Exercise description: Please transcribe the entries below without omitting a single character.

------

text \<open>A sum over the cells rather than a case distinction on the cell containing \<open>x\<close>,
  so that measurability in \<open>x\<close> is immediate.\<close>

definition cell_avg :: "(real \<Rightarrow> real) \<Rightarrow> nat \<Rightarrow> real \<Rightarrow> real" where
  "cell_avg f n x =
     (\<Sum>i<k n. indicator (cell n i) x * ((\<integral>t\<in>{a n i..b n i}. f t \<partial>lborel) / (b n i - a n i)))"

lemma borel_measurable_cell_avg[measurable]: "cell_avg f n \<in> borel_measurable borel"
  unfolding cell_avg_def by measurable

lemma cell_avg_eq:
  assumes x: "x \<in> {0<..T}"
  shows "cell_avg f n x =
    (\<integral>t\<in>{cell_lb n x..cell_ub n x}. f t \<partial>lborel) / (cell_ub n x - cell_lb n x)"
proof -
  have "indicator (cell n i) x = (if i = cell_index n x then 1 else 0 :: real)" if "i < k n" for i
  proof (cases "i = cell_index n x")
    case True
    then show ?thesis
      using cell_index(2)[OF x, of n] by simp
  next
    case False
    then show ?thesis
      using cell_index_eq[OF that, of x] by (auto simp: indicator_def)
  qed
  then have "cell_avg f n x = (\<Sum>i<k n. if i = cell_index n x
      then (\<integral>t\<in>{a n i..b n i}. f t \<partial>lborel) / (b n i - a n i) else 0)"
    unfolding cell_avg_def by (intro sum.cong) auto
  then show ?thesis
    using cell_index(1)[OF x, of n] by simp
qed

lemma cell_avg_nonneg:
  assumes "\<And>t. 0 \<le> f t"
  shows "0 \<le> cell_avg f n x"
  unfolding cell_avg_def set_lebesgue_integral_def
  using assms a_less_b by (intro sum_nonneg mult_nonneg_nonneg divide_nonneg_pos integral_nonneg) auto

lemma cell_avg_cong:
  assumes "\<And>t. t \<in> {0..T} \<Longrightarrow> f t = g t"
  shows "cell_avg f n x = cell_avg g n x"
  unfolding cell_avg_def
proof (intro sum.cong refl arg_cong2[where f = "(*)"] arg_cong2[where f = "(/)"])
  fix i assume "i \<in> {..<k n}"
  then have "{a n i..b n i} \<subseteq> {0..T}"
    using closed_cell_subset by blast
  then show "(\<integral>t\<in>{a n i..b n i}. f t \<partial>lborel) = (\<integral>t\<in>{a n i..b n i}. g t \<partial>lborel)"
    using assms by (intro set_lebesgue_integral_cong) auto
qed

lemma emeasure_lborel_subset_finite: "A \<subseteq> {0<..T} \<Longrightarrow> emeasure lborel A \<noteq> \<infinity>"
  using emeasure_mono[of A "{0<..T}" lborel] T_pos by (auto simp: top_unique)

lemma emeasure_density_cell_of:
  assumes F: "integrable lborel F" "\<And>t. 0 \<le> F t" and x: "x \<in> {0<..T}"
  shows "emeasure (density lborel (\<lambda>t. ennreal (F t))) (cell_of n x)
    = ennreal (cell_avg F n x) * emeasure lborel (cell_of n x)"
proof -
  have len: "0 < cell_ub n x - cell_lb n x"
    using cell_lb_less_ub[OF x] by simp
  have "(\<integral>t\<in>cell_of n x. F t \<partial>lborel) = (\<integral>t\<in>{cell_lb n x..cell_ub n x}. F t \<partial>lborel)"
    by (rule set_integral_discrete_difference[where X = "{cell_lb n x}"]) auto
  also have "\<dots> = cell_avg F n x * (cell_ub n x - cell_lb n x)"
    using len by (simp add: cell_avg_eq[OF x])
  finally show ?thesis
    using len cell_avg_nonneg[OF F(2)]
    by (simp add: emeasure_density_eq_set_integral[OF F] ennreal_mult)
qed

lemma null_sets_frequently_avg_above:
  assumes F: "integrable lborel F" "\<And>t. 0 \<le> F t" and "0 < u" "u < v"
  shows "{x\<in>{0<..T}. F x < u \<and> (\<exists>\<^sub>F n in sequentially. v < cell_avg F n x)} \<in> null_sets lborel"
proof -
  define E where "E = {x\<in>{0<..T}. F x < u \<and> (\<exists>\<^sub>F n in sequentially. v < cell_avg F n x)}"
  have [measurable]: "F \<in> borel_measurable borel"
    using F(1) by auto
  have E: "E \<in> sets borel" "E \<subseteq> {0<..T}"
    unfolding E_def frequently_def by measurable auto
  have "emeasure (density lborel (\<lambda>_. ennreal v)) E \<le> emeasure (density lborel (\<lambda>t. ennreal (F t))) E"
  proof (rule emeasure_le_of_frequently_cells[OF _ _ _ E])
    show "emeasure (density lborel (\<lambda>t. ennreal (F t))) (space (density lborel (\<lambda>t. ennreal (F t)))) \<noteq> \<infinity>"
      using emeasure_density_eq_set_integral[OF F, of UNIV] by simp
    fix x assume "x \<in> E"
    then have x: "x \<in> {0<..T}" and freq: "\<exists>\<^sub>F n in sequentially. v < cell_avg F n x"
      by (auto simp: E_def)
    show "\<exists>\<^sub>F n in sequentially. emeasure (density lborel (\<lambda>_. ennreal v)) (cell_of n x)
        \<le> emeasure (density lborel (\<lambda>t. ennreal (F t))) (cell_of n x)"
      using freq
    proof (rule frequently_elim1)
      fix n assume "v < cell_avg F n x"
      then show "emeasure (density lborel (\<lambda>_. ennreal v)) (cell_of n x)
          \<le> emeasure (density lborel (\<lambda>t. ennreal (F t))) (cell_of n x)"
        by (simp add: emeasure_density_const emeasure_density_cell_of[OF F x])
          (intro mult_right_mono ennreal_leI, auto)
    qed
  qed simp_all
  also have "\<dots> = (\<integral>\<^sup>+t. ennreal (F t) * indicator E t \<partial>lborel)"
    using E by (intro emeasure_density) auto
  also have "\<dots> \<le> (\<integral>\<^sup>+t. ennreal u * indicator E t \<partial>lborel)"
    by (intro nn_integral_mono) (auto simp: E_def split: split_indicator intro: ennreal_leI)
  finally have "ennreal v * emeasure lborel E \<le> ennreal u * emeasure lborel E"
    using E by (simp add: emeasure_density_const nn_integral_cmult_indicator)
  then show ?thesis
    unfolding E_def[symmetric] using E emeasure_lborel_subset_finite[OF E(2)] \<open>0 < u\<close> \<open>u < v\<close>
    by (intro null_sets_if_scaled_emeasure_le[where u = u and v = v]) auto
qed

------

Task result:
text \<open>A sum over the cells rather than a case distinction on the cell containing \<open>x\<close>,
  so that measurability in \<open>x\<close> is immediate.\<close>

definition cell_avg :: "(real \<Rightarrow> real) \<Rightarrow> nat \<Rightarrow> real \<Rightarrow> real" where
  "cell_avg f n x =
     (\<Sum>i<k n. indicator (cell n i) x * ((\<integral>t\<in>{a n i..b n i}. f t \<partial>lborel) / (b n i - a n i)))"

lemma borel_measurable_cell_avg[measurable]: "cell_avg f n \<in> borel_measurable borel"
  unfolding cell_avg_def by measurable

lemma cell_avg_eq:
  assumes x: "x \<in> {0<..T}"
  shows "cell_avg f n x =
    (\<integral>t\<in>{cell_lb n x..cell_ub n x}. f t \<partial>lborel) / (cell_ub n x - cell_lb n x)"
proof -
  have "indicator (cell n i) x = (if i = cell_index n x then 1 else 0 :: real)" if "i < k n" for i
  proof (cases "i = cell_index n x")
    case True
    then show ?thesis
      using cell_index(2)[OF x, of n] by simp
  next
    case False
    then show ?thesis
      using cell_index_eq[OF that, of x] by (auto simp: indicator_def)
  qed
  then have "cell_avg f n x = (\<Sum>i<k n. if i = cell_index n x
      then (\<integral>t\<in>{a n i..b n i}. f t \<partial>lborel) / (b n i - a n i) else 0)"
    unfolding cell_avg_def by (intro sum.cong) auto
  then show ?thesis
    using cell_index(1)[OF x, of n] by simp
qed

lemma cell_avg_nonneg:
  assumes "\<And>t. 0 \<le> f t"
  shows "0 \<le> cell_avg f n x"
  unfolding cell_avg_def set_lebesgue_integral_def
  using assms a_less_b by (intro sum_nonneg mult_nonneg_nonneg divide_nonneg_pos integral_nonneg) auto

lemma cell_avg_cong:
  assumes "\<And>t. t \<in> {0..T} \<Longrightarrow> f t = g t"
  shows "cell_avg f n x = cell_avg g n x"
  unfolding cell_avg_def
proof (intro sum.cong refl arg_cong2[where f = "(*)"] arg_cong2[where f = "(/)"])
  fix i assume "i \<in> {..<k n}"
  then have "{a n i..b n i} \<subseteq> {0..T}"
    using closed_cell_subset by blast
  then show "(\<integral>t\<in>{a n i..b n i}. f t \<partial>lborel) = (\<integral>t\<in>{a n i..b n i}. g t \<partial>lborel)"
    using assms by (intro set_lebesgue_integral_cong) auto
qed

lemma emeasure_lborel_subset_finite: "A \<subseteq> {0<..T} \<Longrightarrow> emeasure lborel A \<noteq> \<infinity>"
  using emeasure_mono[of A "{0<..T}" lborel] T_pos by (auto simp: top_unique)

lemma emeasure_density_cell_of:
  assumes F: "integrable lborel F" "\<And>t. 0 \<le> F t" and x: "x \<in> {0<..T}"
  shows "emeasure (density lborel (\<lambda>t. ennreal (F t))) (cell_of n x)
    = ennreal (cell_avg F n x) * emeasure lborel (cell_of n x)"
proof -
  have len: "0 < cell_ub n x - cell_lb n x"
    using cell_lb_less_ub[OF x] by simp
  have "(\<integral>t\<in>cell_of n x. F t \<partial>lborel) = (\<integral>t\<in>{cell_lb n x..cell_ub n x}. F t \<partial>lborel)"
    by (rule set_integral_discrete_difference[where X = "{cell_lb n x}"]) auto
  also have "\<dots> = cell_avg F n x * (cell_ub n x - cell_lb n x)"
    using len by (simp add: cell_avg_eq[OF x])
  finally show ?thesis
    using len cell_avg_nonneg[OF F(2)]
    by (simp add: emeasure_density_eq_set_integral[OF F] ennreal_mult)
qed

lemma null_sets_frequently_avg_above:
  assumes F: "integrable lborel F" "\<And>t. 0 \<le> F t" and "0 < u" "u < v"
  shows "{x\<in>{0<..T}. F x < u \<and> (\<exists>\<^sub>F n in sequentially. v < cell_avg F n x)} \<in> null_sets lborel"
proof -
  define E where "E = {x\<in>{0<..T}. F x < u \<and> (\<exists>\<^sub>F n in sequentially. v < cell_avg F n x)}"
  have [measurable]: "F \<in> borel_measurable borel"
    using F(1) by auto
  have E: "E \<in> sets borel" "E \<subseteq> {0<..T}"
    unfolding E_def frequently_def by measurable auto
  have "emeasure (density lborel (\<lambda>_. ennreal v)) E \<le> emeasure (density lborel (\<lambda>t. ennreal (F t))) E"
  proof (rule emeasure_le_of_frequently_cells[OF _ _ _ E])
    show "emeasure (density lborel (\<lambda>t. ennreal (F t))) (space (density lborel (\<lambda>t. ennreal (F t)))) \<noteq> \<infinity>"
      using emeasure_density_eq_set_integral[OF F, of UNIV] by simp
    fix x assume "x \<in> E"
    then have x: "x \<in> {0<..T}" and freq: "\<exists>\<^sub>F n in sequentially. v < cell_avg F n x"
      by (auto simp: E_def)
    show "\<exists>\<^sub>F n in sequentially. emeasure (density lborel (\<lambda>_. ennreal v)) (cell_of n x)
        \<le> emeasure (density lborel (\<lambda>t. ennreal (F t))) (cell_of n x)"
      using freq
    proof (rule frequently_elim1)
      fix n assume "v < cell_avg F n x"
      then show "emeasure (density lborel (\<lambda>_. ennreal v)) (cell_of n x)
          \<le> emeasure (density lborel (\<lambda>t. ennreal (F t))) (cell_of n x)"
        by (simp add: emeasure_density_const emeasure_density_cell_of[OF F x])
          (intro mult_right_mono ennreal_leI, auto)
    qed
  qed simp_all
  also have "\<dots> = (\<integral>\<^sup>+t. ennreal (F t) * indicator E t \<partial>lborel)"
    using E by (intro emeasure_density) auto
  also have "\<dots> \<le> (\<integral>\<^sup>+t. ennreal u * indicator E t \<partial>lborel)"
    by (intro nn_integral_mono) (auto simp: E_def split: split_indicator intro: ennreal_leI)
  finally have "ennreal v * emeasure lborel E \<le> ennreal u * emeasure lborel E"
    using E by (simp add: emeasure_density_const nn_integral_cmult_indicator)
  then show ?thesis
    unfolding E_def[symmetric] using E emeasure_lborel_subset_finite[OF E(2)] \<open>0 < u\<close> \<open>u < v\<close>
    by (intro null_sets_if_scaled_emeasure_le[where u = u and v = v]) auto
qed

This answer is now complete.